Et les énergies renouvelables, danger ou opportunité pour les économies d’énergies?

Le déploiement des énergies renouvelables pour limiter nos impacts sur l’environnement est absolument essentiel. Il est cependant important de le coordonner avec les mesures d’économies d’énergie, afin d’identifier et limiter les éventuels effets collatéraux. Parmi ceux-ci, l’effet rebond, présenté ci-dessus, constitue le principal risque. En effet, l’une des caractéristiques principales des énergies renouvelables réside dans l’intermittence. Des moyens pour flexibiliser et adapter la production sont disponibles et doivent être déployés, comme le stockage, ou un mix d’énergies renouvelables complémentaires, mais il en résultera de toute évidence des fluctuations sur la disponibilité de l’énergie. L’énergie est déjà limitée en hiver mais abondante en été, et cela va s’accentuer.

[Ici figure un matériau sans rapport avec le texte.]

text \<open>The pi-coefficient c_1 of a unit u = 1 + c_1 pi + c_2 pi^2 + ...: the unique
  c in {0,1} with u - 1 - c pi divisible by pi^2.\<close>
definition pcoeff :: "qfield \<Rightarrow> oelt \<Rightarrow> nat" where
  "pcoeff K u = (THE c. c \<in> {0,1} \<and> (\<exists>v\<in>carrier (ORing K).
      u = \<one>\<^bsub>ORing K\<^esub> \<oplus>\<^bsub>ORing K\<^esub> (if c = 0 then \<zero>\<^bsub>ORing K\<^esub> else opi)
          \<oplus>\<^bsub>ORing K\<^esub> (opi [^]\<^bsub>ORing K\<^esub> (2::nat)) \<otimes>\<^bsub>ORing K\<^esub> v))"

definition pord :: "qfield \<Rightarrow> oelt \<Rightarrow> enat" where
  "pord K x = Sup {enat k | k. (opi [^]\<^bsub>ORing K\<^esub> k) divides\<^bsub>ORing K\<^esub> x}"

end

theory Submission
  imports Defs
begin

text \<open>Since 2 is pi^2 times a unit, the residue x 2 of an element modulo 4 determines it modulo
  pi^4; it decides whether pi or pi^2 divides x and what the quotient is modulo pi. For a unit b
  and odd m, b^(2m) is congruent to b^2 modulo 4, so the residue of u1 b1^d + u2 b2^d modulo 4
  depends only on the residues of u1, u2, b1, b2. After factoring pi^r out of the sum, each
  assertion becomes a finite computation over the residues of units modulo 4, with b1 and b2
  taken from 1 and 1 + pi.\<close>

section \<open>Arithmetic of O modulo powers of 2\<close>

definition pair_mod :: "nat \<Rightarrow> int \<times> int \<Rightarrow> int \<times> int" where
  "pair_mod n x = (fst x mod 2^n, snd x mod 2^n)"

text \<open>A pair (a, b) stands for a + b pi in Z[pi], where pi^2 = tr K pi - nm K.\<close>
definition pair_mult :: "qfield \<Rightarrow> int \<times> int \<Rightarrow> int \<times> int \<Rightarrow> int \<times> int" where
  "pair_mult K x y = (fst x * fst y - nm K * snd x * snd y,
                      fst x * snd y + snd x * fst y + tr K * snd x * snd y)"

definition pair_add :: "int \<times> int \<Rightarrow> int \<times> int \<Rightarrow> int \<times> int" where
  "pair_add x y = (fst x + fst y, snd x + snd y)"

lemma pair_mult_commute: "pair_mult K x y = pair_mult K y x"
  by (simp add: pair_mult_def algebra_simps)

lemma pair_mult_assoc: "pair_mult K (pair_mult K x y) z = pair_mult K x (pair_mult K y z)"
  by (simp add: pair_mult_def algebra_simps)

lemma pair_mult_one: "pair_mult K (1, 0) x = x"
  by (simp add: pair_mult_def)

lemma pair_mod_mult_left: "pair_mod n (pair_mult K (pair_mod n x) y) = pair_mod n (pair_mult K x y)"
proof -
  obtain a b c d where xy: "x = (a, b)" "y = (c, d)" by fastforce
  let ?M = "(2::int) ^ n"
  have "(a mod ?M * c) mod ?M = (a * c) mod ?M" "(a mod ?M * d) mod ?M = (a * d) mod ?M"
    "(b mod ?M * c) mod ?M = (b * c) mod ?M"
    "(nm K * (b mod ?M) * d) mod ?M = (nm K * b * d) mod ?M"
    "(tr K * (b mod ?M) * d) mod ?M = (tr K * b * d) mod ?M"
    by (simp_all add: mod_mult_left_eq) (metis mod_mult_left_eq mod_mult_right_eq)+
  then show ?thesis
    unfolding xy pair_mod_def pair_mult_def
    by (simp del: mod_mult_left_eq mod_mult_right_eq, intro conjI mod_diff_cong mod_add_cong, auto)
qed

lemma pair_mod_mult_right: "pair_mod n (pair_mult K x (pair_mod n y)) = pair_mod n (pair_mult K x y)"
  by (metis pair_mult_commute pair_mod_mult_left)

lemma pair_mod_add_left: "pair_mod n (pair_add (pair_mod n x) y) = pair_mod n (pair_add x y)"
  by (simp add: pair_mod_def pair_add_def mod_simps)

lemma pair_mod_add_right: "pair_mod n (pair_add x (pair_mod n y)) = pair_mod n (pair_add x y)"
  by (simp add: pair_mod_def pair_add_def mod_simps)

lemma pair_mod_neg: "pair_mod n (- fst (pair_mod n x), - snd (pair_mod n x)) = pair_mod n (- fst x, - snd x)"
  by (simp add: pair_mod_def mod_simps)

lemma pair_mod_pair_mod: "k \<le> n \<Longrightarrow> pair_mod k (pair_mod n x) = pair_mod k x"
  by (simp add: pair_mod_def mod_mod_cancel le_imp_power_dvd)

lemmas pair_mod_simps = pair_mod_mult_left pair_mod_mult_right pair_mod_add_left pair_mod_add_right

lemma omul_apply: "omul K s t n = pair_mod n (pair_mult K (s n) (t n))"
  by (simp add: omul_def pair_mod_def pair_mult_def Let_def)

lemma oadd_apply: "oadd s t n = pair_mod n (pair_add (s n) (t n))"
  by (simp add: oadd_def pair_mod_def pair_add_def)

lemma mod_power2_eq_self_iff: "(x::int) mod 2^n = x \<longleftrightarrow> x \<in> {0..<2^n}"
  by (metis atLeastLessThan_iff mod_pos_pos_trivial pos_mod_bound pos_mod_sign
      zero_less_numeral zero_less_power)

lemma ocarrier_iff:
  "s \<in> ocarrier \<longleftrightarrow> (\<forall>n. pair_mod n (s n) = s n) \<and> (\<forall>n. pair_mod n (s (Suc n)) = s n)"
  unfolding ocarrier_def pair_mod_def
  by (auto simp: prod_eq_iff mod_power2_eq_self_iff simp del: atLeastLessThan_iff)

lemma ocarrier_pair_mod: "s \<in> ocarrier \<Longrightarrow> pair_mod n (s n) = s n"
  by (simp add: ocarrier_iff)

lemma ocarrier_pair_mod_Suc: "s \<in> ocarrier \<Longrightarrow> pair_mod n (s (Suc n)) = s n"
  by (simp add: ocarrier_iff)

lemma ocarrier_pair_mod_le:
  assumes "s \<in> ocarrier" "k \<le> n"
  shows "pair_mod k (s n) = s k"
  using assms(2)
proof (induction n)
  case (Suc n)
  show ?case
  proof (cases "k = Suc n")
    case False
    then have "pair_mod k (s (Suc n)) = pair_mod k (pair_mod n (s (Suc n)))"
      using Suc.prems by (simp add: pair_mod_pair_mod)
    also have "\<dots> = s k" using ocarrier_pair_mod_Suc[OF assms(1)] Suc False by simp
    finally show ?thesis .
  qed (use ocarrier_pair_mod[OF assms(1)] in simp)
qed (use ocarrier_pair_mod[OF assms(1)] in simp)

lemma ocarrier_level1: "s \<in> ocarrier \<Longrightarrow> s 1 = pair_mod 1 (s 2)"
  using ocarrier_pair_mod_le[of s 1 2] by simp

definition oconst :: "int \<Rightarrow> int \<Rightarrow> oelt" where
  "oconst a b = (\<lambda>n. pair_mod n (a, b))"

lemma oconst_closed: "oconst a b \<in> ocarrier"
  unfolding ocarrier_iff oconst_def by (simp add: pair_mod_pair_mod)

lemma oconst_apply: "oconst a b n = pair_mod n (a, b)"
  by (simp add: oconst_def)

lemma oadd_oconst: "oadd (oconst a b) (oconst c d) = oconst (a + c) (b + d)"
  by (rule ext) (simp add: oadd_apply oconst_def pair_mod_simps, simp add: pair_add_def)

lemma opi_oconst: "opi = oconst 0 1"
  by (auto simp: opi_def oconst_def pair_mod_def)

lemma opi_closed: "opi \<in> ocarrier"
  by (simp add: opi_oconst oconst_closed)

definition oneg :: "oelt \<Rightarrow> oelt" where
  "oneg s = (\<lambda>n. pair_mod n (- fst (s n), - snd (s n)))"

lemma omul_closed: "s \<in> ocarrier \<Longrightarrow> t \<in> ocarrier \<Longrightarrow> omul K s t \<in> ocarrier"
  unfolding ocarrier_iff omul_apply
  by (metis order.refl pair_mod_pair_mod pair_mod_mult_left pair_mod_mult_right le_SucI)

lemma oadd_closed: "s \<in> ocarrier \<Longrightarrow> t \<in> ocarrier \<Longrightarrow> oadd s t \<in> ocarrier"
  unfolding ocarrier_iff oadd_apply
  by (metis order.refl pair_mod_pair_mod pair_mod_add_left pair_mod_add_right le_SucI)

lemma oneg_closed: "s \<in> ocarrier \<Longrightarrow> oneg s \<in> ocarrier"
  unfolding ocarrier_iff oneg_def
  by (metis order.refl pair_mod_pair_mod pair_mod_neg le_SucI)

lemma omul_commute: "omul K x y = omul K y x"
  by (rule ext) (simp add: omul_apply pair_mult_commute)

lemma omul_assoc: "omul K (omul K x y) z = omul K x (omul K y z)"
  by (rule ext) (simp add: omul_apply pair_mod_simps pair_mult_assoc)

lemma oadd_commute: "oadd x y = oadd y x"
  by (rule ext) (simp add: oadd_apply pair_add_def algebra_simps)

lemma oadd_assoc: "oadd (oadd x y) z = oadd x (oadd y z)"
  by (rule ext) (simp add: oadd_apply pair_mod_simps, simp add: pair_add_def algebra_simps)

lemma omul_oadd_distrib: "omul K x (oadd y z) = oadd (omul K x y) (omul K x z)"
  by (rule ext) (simp add: omul_apply oadd_apply pair_mod_simps,
      simp add: pair_mult_def pair_add_def algebra_simps)

lemma omul_one: "x \<in> ocarrier \<Longrightarrow> omul K (oconst 1 0) x = x"
  by (rule ext) (simp add: omul_apply oconst_def pair_mod_mult_left pair_mult_one ocarrier_pair_mod)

Cette situation présente donc une opportunité pour réaliser des économies d’énergie hivernales, mais constitue un risque de « chercher à » consommer l’énergie excédentaire estivale et engendrer un effet rebond important. Il serait alors préférable de déplacer les consommations pour mieux s’adapter à cette nouvelle donne énergétique.

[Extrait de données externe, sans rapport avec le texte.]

(* Let $N$ be a locally compact separable metric space and let $\{\psi_k\}_{k\in\mathbb{N}}$ be a Schauder basis of $C_0(N)$. Let $\mathcal{M}(N)=\{m(\mu):\mu\in\mathcal{P}(N)\}\subset\mathbb{R}^{\mathbb{N}}$, where $m(\mu)=(\int_N\psi_k\,d\mu)_{k\in\mathbb{N}}$. Then the moment transform $\mathcal{K}:\mathcal{P}(N)\to\mathcal{M}(N)$, $\mu\mapsto m(\mu)$, is a homeomorphism, where $\mathcal{P}(N)$ carries the weak topology and $\mathcal{M}(N)$ carries the subspace topology induced by the product topology on $\mathbb{R}^{\mathbb{N}}$.
   Context: - $\mathcal{P}(N)$ is the set of Borel probability measures on $N$, with the weak topology (convergence against bounded continuous functions). - $C_0(N)$ is the space of continuous real-valued functions on $N$ vanishing at infinity, with the sup norm. *)

theory Defs
  imports "HOL-Probability.Probability"
begin

definition C0 :: "('a::metric_space \<Rightarrow> real) \<Rightarrow> bool" where
  "C0 f \<longleftrightarrow> continuous_on UNIV f \<and>
     (\<forall>e>0. \<exists>K. compact K \<and> (\<forall>x. x \<notin> K \<longrightarrow> \<bar>f x\<bar> < e))"

definition schauder_basis_C0 :: "(nat \<Rightarrow> 'a::metric_space \<Rightarrow> real) \<Rightarrow> bool" where
  "schauder_basis_C0 \<psi> \<longleftrightarrow> (\<forall>k. C0 (\<psi> k)) \<and>
     (\<forall>f. C0 f \<longrightarrow> (\<exists>!c::nat \<Rightarrow> real.
        uniform_limit UNIV (\<lambda>n x. \<Sum>k<n. c k * \<psi> k x) f sequentially))"

definition prob_measures :: "'a::topological_space measure set" where
  "prob_measures = {M. prob_space M \<and> sets M = sets borel}"

definition bounded_continuous :: "('a::topological_space \<Rightarrow> real) \<Rightarrow> bool" where
  "bounded_continuous f \<longleftrightarrow> continuous_on UNIV f \<and> bounded (range f)"

definition weak_topology :: "'a::topological_space measure topology" where
  "weak_topology = subtopology
     (topology_generated_by
        {{M. integral\<^sup>L M f \<in> U} | f U. bounded_continuous f \<and> open U})
     prob_measures"

definition moment :: "(nat \<Rightarrow> 'a \<Rightarrow> real) \<Rightarrow> 'a measure \<Rightarrow> (nat \<Rightarrow> real)" where
  "moment \<psi> M = (\<lambda>k. integral\<^sup>L M (\<psi> k))"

En conclusion, le triptyque « sobriété – efficacité – énergies renouvelables » doit absolument être mis en œuvre pour assurer la transition. Mais l’ordre a également son importance : construire un système d’approvisionnement renouvelable adapté à une consommation débridée engendrera une abondance énergétique qui aura un impact fort sur l’environnement et l’exploitation des ressources minières. Une réflexion uniquement centrée sur les émissions de carbone ne suffit pas à mesurer l’efficacité de la transition, car elle ne prend pas en considération l’ensemble des limites planétaires. La sobriété collectivement décidée permet de réduire notre pression sur les ressources et constitue une réponse nécessaire aux principaux enjeux environnementaux. Elle répond aux trois arguments principaux des détracteurs de la sobriété : « pourquoi moi et pas eux ? », « c’est un discours d’amish » ou encore « c’est un encouragement à ne rien faire et un frein à l’innovation ». Au contraire, c’est plutôt un encouragement à repenser collectivement les priorités et donner les outils pour mieux orienter les innovations : le potentiel d’économies associées à la combinaison de la sobriété et de l’efficacité sans dégrader notre bien-être est absolument considérable, et c’est une excellente nouvelle !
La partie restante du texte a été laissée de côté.